I am so proud and profoundly moved by my friend after this conversation.  The excavation Margarita and others do around questioning and re-examining our world is paramount.  Margarita expresses that she feels how much she has changed with her work and insights, and she has resonated with critical theorists in feminist thought, such as Sarah Ahmed, who call themselves “feminist kill joys.” “This has created so many shifts for me, I’m changing and sometimes with the change it impacts the relationships with friends and family. She suggests how it’s not easy when you sometimes have an obsession and incessant critical way of thinking and outlook that appears as a seemingly negative running commentary on everyday life.  It’s a process of calling things out, questioning, and that is not always welcome, but also necessary, hence this idea of a killjoy.

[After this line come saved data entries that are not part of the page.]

(* Let $N\ge2$, $T>0$, and consider the problem of minimizing $\mathbb V(T)=\frac1N\sum_{i=1}^N\xi_i(T)^2$ over $\alpha\in\mathcal U_{FS}$, where $\dot\xi_i=-\xi_i+(1-\alpha_i)\bar\xi$, $\bar\xi=\frac1N\sum_j\xi_j$, with initial datum satisfying $\bar\xi(0)>0$ and $\xi_1(0)\ge\dots\ge\xi_N(0)$. The control which at each time $t$ splits the total strength $1$ evenly among the agents $i$ with $\xi_i(t)=\max_j\xi_j(t)$ (and sets $\alpha_i(t)=0$ for the others) is optimal for this problem. Explicitly: let $\bar\xi_{1,l}=\frac1l\sum_{i=1}^l\xi_i$, $t_1=0$ and, for $l\in\{2,\dots,N\}$, $$t_l=\frac{N}{N-1}\ln\Big((l-1)\frac{N-1}{N}\,\frac{\bar\xi_{1,l-1}(0)-\xi_l(0)}{\bar\xi(0)}+1\Big).$$ If $T\in[t_l,t_{l+1})$ for some $l\in\{1,\dots,N-1\}$, then any control in $\mathcal U_{FS}$ satisfying $\xi_i(T)=\bar\xi_{1,l}(T)$ for every $i\le l$, $\sum_{i=1}^l\alpha_i\equiv1$ and $\alpha_i\equiv0$ for every $i\ge l+1$ is optimal. If $T\ge t_N$, then any control in $\mathcal U_{FS}$ with $\xi_i(T)=\bar\xi(T)$ for all $i$ (and $\sum_i\alpha_i\equiv1$) is optimal. For instance, if $T\in[t_l,t_{l+1})$, the piecewise constant control defined for $k\le l$ and $t\in[t_k,t_{k+1})$ by $\alpha_i(t)=1/k$ for $i\le k$ and $\alpha_i(t)=0$ for $i>k$ is optimal.
   Context: $\mathcal U_{FS}$ is the set of measurable $\alpha:[0,T]\to[0,1]^N$ with $\sum_{i=1}^N\alpha_i(t)=1$ for all $t\in[0,T]$ ("full-strength" controls). The $\xi_i$ are projected velocities in a collective migration model with target velocity $0$. *)

theory Defs
  imports "HOL-Analysis.Analysis"
begin

text \<open>Agents are indexed by 1..N. A state is a function nat => real (only indices 1..N matter).
  A control alpha and a trajectory xi are functions of time t and agent index i.\<close>

definition full_strength :: "nat \<Rightarrow> real \<Rightarrow> (real \<Rightarrow> nat \<Rightarrow> real) \<Rightarrow> bool" where
  "full_strength N T \<alpha> \<longleftrightarrow>
     (\<forall>i\<in>{1..N}. (\<lambda>t. \<alpha> t i) \<in> borel_measurable (restrict_space lborel {0..T})) \<and>
     (\<forall>t\<in>{0..T}. (\<forall>i\<in>{1..N}. 0 \<le> \<alpha> t i \<and> \<alpha> t i \<le> 1) \<and> (\<Sum>i=1..N. \<alpha> t i) = 1)"

definition pmean :: "nat \<Rightarrow> (nat \<Rightarrow> real) \<Rightarrow> real" where
  "pmean l x = (\<Sum>i=1..l. x i) / real l"

text \<open>Solution (in the Caratheodory / integral sense) on [0,T] of
  xi_i' = - xi_i + (1 - alpha_i) xibar, xibar = (1/N) sum_j xi_j.\<close>
definition solves :: "nat \<Rightarrow> real \<Rightarrow> (real \<Rightarrow> nat \<Rightarrow> real) \<Rightarrow> (real \<Rightarrow> nat \<Rightarrow> real) \<Rightarrow> bool" where
  "solves N T \<alpha> \<xi> \<longleftrightarrow>
     (\<forall>t\<in>{0..T}. \<forall>i\<in>{1..N}.
        ((\<lambda>s. - \<xi> s i + (1 - \<alpha> s i) * pmean N (\<xi> s)) has_integral (\<xi> t i - \<xi> 0 i)) {0..t})"

definition Vfun :: "nat \<Rightarrow> (nat \<Rightarrow> real) \<Rightarrow> real" where
  "Vfun N x = (\<Sum>i=1..N. (x i)^2) / real N"

definition optimal :: "nat \<Rightarrow> real \<Rightarrow> (nat \<Rightarrow> real) \<Rightarrow> (real \<Rightarrow> nat \<Rightarrow> real) \<Rightarrow> (real \<Rightarrow> nat \<Rightarrow> real) \<Rightarrow> bool" where
  "optimal N T \<xi>0 \<alpha> \<xi> \<longleftrightarrow>
     full_strength N T \<alpha> \<and> solves N T \<alpha> \<xi> \<and> (\<forall>i\<in>{1..N}. \<xi> 0 i = \<xi>0 i) \<and>
     (\<forall>\<alpha>' \<xi>'. full_strength N T \<alpha>' \<and> solves N T \<alpha>' \<xi>' \<and> (\<forall>i\<in>{1..N}. \<xi>' 0 i = \<xi>0 i)
        \<longrightarrow> Vfun N (\<xi> T) \<le> Vfun N (\<xi>' T))"

definition tsw :: "nat \<Rightarrow> (nat \<Rightarrow> real) \<Rightarrow> nat \<Rightarrow> real" where
  "tsw N \<xi>0 l = (if l \<le> 1 then 0 else
     real N / (real N - 1) * ln (real (l - 1) * ((real N - 1) / real N)
        * ((pmean (l - 1) \<xi>0 - \<xi>0 l) / pmean N \<xi>0) + 1))"

definition greedy :: "nat \<Rightarrow> (nat \<Rightarrow> real) \<Rightarrow> real \<Rightarrow> nat \<Rightarrow> real" where
  "greedy N \<xi>0 t i = (let k = Max {l\<in>{1..N}. tsw N \<xi>0 l \<le> t} in
      if 1 \<le> i \<and> i \<le> k then 1 / real k else 0)"

end

theory Submission
  imports Defs
begin

text \<open>Whatever the control, the mean velocity decays like \<open>e\<^sup>-\<^sup>t\<^sup>/\<^sup>N\<close> and every \<open>\<xi>\<^sub>i\<close> stays
  below its free trajectory, the solution with \<open>\<alpha>\<^sub>i \<equiv> 0\<close>. Minimising \<open>\<Sum> \<xi>\<^sub>i(T)\<^sup>2\<close> under a
  fixed sum and these upper bounds is a water-filling problem: a terminal profile that equals a
  common level \<open>w\<close> on some agents and the free value \<open>\<le> w\<close> on the others is optimal. The
  switching time \<open>t\<^sub>l\<close> is exactly when the free trajectory of agent \<open>l\<close> meets the level of the
  group \<open>1..l\<close> whose other members are controlled, so controls that keep the leading group merged
  and leave the rest free produce such a profile; the greedy control is one of them.\<close>

lemma indefinite_integral_nonneg_invariant:
  fixes u h :: "real \<Rightarrow> real"
  assumes u_eq: "\<forall>t\<in>{0..T}. (h has_integral u t) {0..t}"
    and h_nonneg: "\<forall>r\<in>{0..T}. u r \<le> 0 \<longrightarrow> 0 \<le> h r"
  shows "\<forall>t\<in>{0..T}. 0 \<le> u t"
proof (rule ccontr)
  assume "\<not> (\<forall>t\<in>{0..T}. 0 \<le> u t)"
  then obtain t1 where t1: "t1 \<in> {0..T}" "u t1 < 0" by force
  have h_int: "h integrable_on {0..t1}" using u_eq t1 by blast
  have u_integral: "u t = integral {0..t} h" if "t \<in> {0..t1}" for t
    using u_eq that t1 integral_unique by (metis atLeastAtMost_iff order_trans)
  have "continuous_on {0..t1} u"
    using continuous_on_eq[OF indefinite_integral_continuous_1[OF h_int]] u_integral by auto
  moreover have "u 0 = 0" using u_integral t1 by auto
  txt \<open>The last zero \<open>t0\<close> of \<open>u\<close> before \<open>t1\<close>: on \<open>(t0, t1]\<close> we have \<open>u < 0\<close>, hence \<open>h \<ge> 0\<close>.\<close>
  ultimately obtain t0 where t0: "t0 \<in> {0..t1}" "0 \<le> u t0"
      and neg: "\<And>r. t0 < r \<Longrightarrow> r \<le> t1 \<Longrightarrow> u r < 0"
  proof -
    define Z where "Z = {0..t1} \<inter> u -` {0..}"
    have "closed Z" unfolding Z_def
      by (rule continuous_closed_preimage[OF \<open>continuous_on {0..t1} u\<close>]) auto
    moreover have "0 \<in> Z" "bdd_above Z" using \<open>u 0 = 0\<close> t1 by (auto simp: Z_def)
    ultimately have Sup_in: "Sup Z \<in> Z" and Sup_ge: "\<And>r. r \<in> Z \<Longrightarrow> r \<le> Sup Z"
      using closed_contains_Sup cSup_upper by blast+
    have "u r < 0" if "Sup Z < r" "r \<le> t1" for r
    proof (rule ccontr)
      assume "\<not> u r < 0"
      moreover have "0 \<le> r" using Sup_ge[OF \<open>0 \<in> Z\<close>] that by linarith
      ultimately have "r \<in> Z" using that by (auto simp: Z_def)
      with that Sup_ge show False by fastforce
    qed
    with Sup_in show thesis by (intro that[of "Sup Z"]) (auto simp: Z_def)
  qed
  have "(h has_integral integral {t0..t1} h) {t0..t1}"
    using integrable_subinterval_real[OF h_int, of t0 t1] t0 by (auto intro: integrable_integral)
  then have "((\<lambda>r. if r = t0 then 0 else h r) has_integral integral {t0..t1} h) {t0..t1}"
    using has_integral_spike_finite_eq[of "{t0}" "{t0..t1}" "\<lambda>r. if r = t0 then 0 else h r" h]
    by auto
  then have "0 \<le> integral {t0..t1} h"
  proof (rule has_integral_nonneg)
    fix r assume "r \<in> {t0..t1}"
    with neg[of r] t0 t1 show "0 \<le> (if r = t0 then 0 else h r)"
      using h_nonneg by (cases "r = t0") auto
  qed
  moreover have "integral {0..t0} h + integral {t0..t1} h = integral {0..t1} h"
    using Henstock_Kurzweil_Integration.integral_combine[OF _ _ h_int] t0 by auto
  moreover have "u t1 = integral {0..t1} h" "u t0 = integral {0..t0} h"
    using u_integral t0 t1 by auto
  ultimately show False using t0 t1 by linarith
qed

When I ask her about how this has impacted her spirituality she blew my mind, 

I look at everything with a social lens. Even the idea of spirituality…this work is spiritual to me. This is sacred for me.  This has to do with what is most sacred to me which is human life. I’m hoping to be a part of a conversation which I think is absolutely spiritual and it’s about humanity. I’m talking about how our world and our system is able to recognize life. Which lives are deemed worthy and which ones are granted the rights and resources to make life livable.  Not just ways of life that are legible to categories and markings that are already in place…. however you want to label it (this work) - this is spiritual.”